The Cape Town Partnership was a Cape Town-based collaborative public-private partnership organisation that existed to develop, promote and manage areas of the Cape Town central business district as a place for all citizens. The Cape Town Partnership was an independent non-profit organisation (Section 21 company) governed by a board of directors. Michael Farr was the first Chief Executive of the Partnership from 1999 until 2003. Andrew Boraine was the Chief executive of the Partnership from 2003 until 2013. Bulelwa Makalima-Ngewana succeeded Boraine as CEO in 2013 until the organisation's closure in 2017. The City of Cape Town stopped funding for the Cape Town Partnership in 2017 leading to its closure later that same year.

The Partnership was created in 1999 when the City of Cape Town, the South African Property Owners Association (SAPOA), the Cape Town Regional Chamber of Commerce and Industry and other stakeholders came together to address the impact of urban decay, capital flight and the wicked problems present in Cape Town's City Bowl/Central Business District (CBD) area.

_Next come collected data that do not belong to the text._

lemma prob_T_gt_le_sum_not_stopped:
  assumes "is_process M PX"
  shows "prob_T_gt M PX N PY n m \<le> (\<Sum>xs | xs \<in> seqs M m \<and> \<not> int_stopped PX N PY n xs. PX xs)"
proof -
  have "prob_T_gt M PX N PY n m \<le> (\<Sum>xs\<in>seqs M m. if \<not> int_stopped PX N PY n xs then PX xs else 0)"
    unfolding prob_T_gt_def
  proof (rule sum_mono)
    fix xs assume "xs \<in> seqs M m"
    then have "take m xs = xs" by (simp add: seqs_def)
    then have "(\<forall>i\<le>m. \<not> int_stopped PX N PY n (take i xs)) \<longrightarrow> \<not> int_stopped PX N PY n xs"
      by (metis order_refl)
    then show "(if \<forall>i\<le>m. \<not> int_stopped PX N PY n (take i xs) then PX xs else 0)
      \<le> (if \<not> int_stopped PX N PY n xs then PX xs else 0)"
      using is_process_nonneg[OF assms, of xs] by auto
  qed
  also have "\<dots> = (\<Sum>xs | xs \<in> seqs M m \<and> \<not> int_stopped PX N PY n xs. PX xs)"
    by (rule sum.inter_filter[OF finite_seqs, symmetric])
  finally show ?thesis .
qed

theorem theorem2:
  fixes M N n m :: nat and PX PY :: "nat list \<Rightarrow> real" and lam tau :: real
  assumes "M \<ge> 1" and "N \<ge> 1"
    and "is_process M PX" and "is_process N PY"
    and "lam \<ge> 0" and "tau \<ge> 0"
  shows "prob_T_gt M PX N PY n m
     \<le> (\<Sum>xs\<in>seqs M m - S_set M PX m lam. PX xs)
       + (\<Sum>ys\<in>seqs N n - T_set N PY n tau. PY ys)
       + 2 powr (- lam + tau + 1)"
proof -
  let ?X = "seqs M m" and ?S = "S_set M PX m lam" and ?stop = "int_stopped PX N PY n"
  have "prob_T_gt M PX N PY n m \<le> (\<Sum>xs | xs \<in> ?X \<and> \<not> ?stop xs. PX xs)"
    by (rule prob_T_gt_le_sum_not_stopped[OF assms(3)])
  also have "\<dots> \<le> (\<Sum>xs \<in> (?X - ?S) \<union> {xs. xs \<in> ?S \<and> \<not> ?stop xs}. PX xs)"
    using is_process_nonneg[OF assms(3)] finite_seqs by (intro sum_mono2) (auto simp: S_set_def)
  also have "\<dots> = (\<Sum>xs\<in>?X - ?S. PX xs) + (\<Sum>xs | xs \<in> ?S \<and> \<not> ?stop xs. PX xs)"
    using finite_seqs by (intro sum.union_disjoint) (auto simp: S_set_def)
  also have "\<dots> \<le> (\<Sum>xs\<in>?X - ?S. PX xs) + ((\<Sum>ys\<in>seqs N n - T_set N PY n tau. PY ys)
      + 2 powr (- lam + tau + 1))"
    using sum_not_stopped_S_set_le[OF assms(3,4)] by (rule add_left_mono)
  finally show ?thesis by simp
qed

It was decided that a Business improvement district model would be best suited and so the Central City Improvement District was created in November 2000 in partnership with property owners within the central city area to provide complementary municipal services over and above what the City of Cape Town provided. Safety, cleaning and social development are focus areas of the Central City Improvement District.

The Partnership promoted investment within the CBD whilst seeking to reduce the negative impact of gentrification and development-induced displacement.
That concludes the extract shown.